Transforming growth factor-beta (TGF-β) has long been a poster child for pleiotropism in the cytokine world. The diversity of cell types and regulatory processes over which TGF-β holds influence reflects its longevity on the phylogenetic stage and the evolutionary economy gained by molecules that can be adapted for many cellular processes. A common and often confounding feature of the pleiotropy of TGF-β is its paradoxical ability to act in the same pathway to opposite effects. This dualistic nature of TGF-β has recently been extended to developmental decisions that control alternative pathways of CD4 T-cell differentiation. The discovery that there is a shared requirement for TGF-β in the development of anti-inflammatory regulatory T cells (Tregs) and pro-inflammatory Th17 cells has provided an elegant solution for linking the potentially pathogenic Th17 pathway with a potent counter-regulatory pathway that can control it [1-4]. But this has also raised important questions concerning how TGF-β might act at apparently crossed purposes to do this. Several recent studies have built on earlier observations to begin to provide a mechanistic basis by which these two lineages, although linked by a common requirement for TGF-β, go their separate ways [5-9].
Differentiation of Th17 cells from antigen-naïve CD4 T-cell precursors, like the differentiation of Th1 and Th2 cells, is induced by cytokines emanating from innate immune cells that have recognized specific pathogens. In the case of Th17, interleukin (IL)-6 produced by dendritic cells (and perhaps other cells in the local environment) acts in concert with active TGF-β to direct Th17 differentiation. Th17 cells are largely defined by their eponymous cytokines, IL-17A and IL-17F, which are pro-inflammatory by virtue of their direct and indirect effects on neutrophil recruitment. In the absence of IL-6 (and thus pro-inflammatory cues from innate immune cells), TGF-β promotes the differentiation of Tregs. Prior to the discovery of Th17, Tregs had become defined by a master transcription factor, Foxp3, which is both necessary and sufficient to program Treg development and maintenance. Following its discovery [10,11], the Th17 lineage was soon linked to its own master transcription factor, a T-cell isoform of the retinoic acid-related orphan receptor γ, RORγt . Interestingly, however, naïve T cells stimulated with TGF-β alone were found to upregulate both Foxp3 and RORγt, although they failed to express an appreciable level of IL-17 and progressively extinguished RORγt as they differentiated into Tregs [8,13]. Similarly, early Th17 differentiation induced by TGF-β and IL-6 was accompanied by transient co-expression of RORγt and Foxp3, with Foxp3 extinguished as Th17 development progressed [6,8]. These findings raised the possibility that Foxp3 and RORγt might engage in an antagonistic competition, the outcome of which could determine whether a cell differentiated as a Treg or a Th17 cell.
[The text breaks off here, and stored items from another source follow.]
lemma count_glaisher_merge:
  assumes "finite S" "0 \<notin> S" "odd k"
  shows "count (glaisher_merge S) k = set_encode {i. k * 2 ^ i \<in> S}"
proof -
  have "count (glaisher_merge S) k = (\<Sum>x\<in>S. if odd_part x = k then 2 ^ multiplicity 2 x else 0)"
    unfolding glaisher_merge_def count_sum by (intro sum.cong) auto
  also have "\<dots> = (\<Sum>x\<in>{x\<in>S. odd_part x = k}. 2 ^ multiplicity 2 x)"
    using assms(1) by (simp add: sum.inter_filter)
  also have "\<dots> = (\<Sum>i\<in>{i. k * 2 ^ i \<in> S}. 2 ^ i)"
  proof (rule sum.reindex_bij_witness[of _ "\<lambda>i. k * 2 ^ i" "multiplicity 2"])
    fix x assume "x \<in> {x\<in>S. odd_part x = k}"
    then show "k * 2 ^ multiplicity 2 x = x" "multiplicity 2 x \<in> {i. k * 2 ^ i \<in> S}"
      using odd_part_times_power[of x] by auto
  qed (use assms in \<open>auto simp: multiplicity_odd_times_power odd_part_odd_times_power\<close>)
  finally show ?thesis by (simp add: set_encode_def)
qed

lemma count_glaisher_merge_even:
  assumes "0 \<notin> S" "even k"
  shows "count (glaisher_merge S) k = 0"
  unfolding glaisher_merge_def count_sum using assms odd_odd_part
  by (intro sum.neutral) (metis count_replicate_mset)

lemma sum_mset_glaisher_merge: "finite S \<Longrightarrow> sum_mset (glaisher_merge S) = \<Sum>S"
  unfolding glaisher_merge_def
  by (induction S rule: finite_induct) (simp_all add: odd_part_times_power mult.commute)

lemma glaisher_merge_split:
  assumes odd: "\<forall>x\<in>#M. odd x"
  shows "glaisher_merge (glaisher_split M) = M"
proof (rule multiset_eqI)
  fix k
  have split: "finite (glaisher_split M)" "0 \<notin> glaisher_split M"
    using odd by (auto simp: finite_glaisher_split mem_glaisher_split)
  show "count (glaisher_merge (glaisher_split M)) k = count M k"
  proof (cases "odd k")
    case True
    have "{i. k * 2 ^ i \<in> glaisher_split M} = set_decode (count M k)"
    proof (intro Set.set_eqI iffI)
      fix i assume "i \<in> {i. k * 2 ^ i \<in> glaisher_split M}"
      then obtain k' i' where e: "k * 2 ^ i = k' * 2 ^ i'" "k' \<in># M" "i' \<in> set_decode (count M k')"
        unfolding mem_glaisher_split by blast
      have "odd k'" using e(2) odd by blast
      then have "k' = k \<and> i' = i"
        using e(1) True by (metis multiplicity_odd_times_power odd_part_odd_times_power)
      then show "i \<in> set_decode (count M k)" using e(3) by simp
    next
      fix i assume i: "i \<in> set_decode (count M k)"
      then have "k \<in># M" by (metis count_eq_zero_iff set_decode_zero empty_iff)
      then show "i \<in> {i. k * 2 ^ i \<in> glaisher_split M}" using i unfolding mem_glaisher_split by blast
    qed
    then show ?thesis using count_glaisher_merge[OF split True] by simp
  next
    case False
    then have "count M k = 0" using odd by (metis count_eq_zero_iff)
    then show ?thesis using count_glaisher_merge_even[OF split(2)] False by simp
  qed
qed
In fact, recent reports have indicated that this is indeed the case, although not before introducing another player into the mix. RORγt is one member of a three-member family of nuclear receptors that also includes RORα and RORβ. Dong and colleagues  recently reported that RORα, like RORγt, is expressed by Th17 cells, with similar kinetics and similar functional effects. In the original report linking RORγt to Th17, Littman and colleagues  observed that mice deficient in RORγt were largely Th17-deficient yet retained a small population of Th17 cells. It now appears that RORα has at least some redundant functions with RORγt and can partially compensate for the absence of RORγt to drive Th17 development, although there appear to be differences in the gene targets of these factors and these differences will require further study .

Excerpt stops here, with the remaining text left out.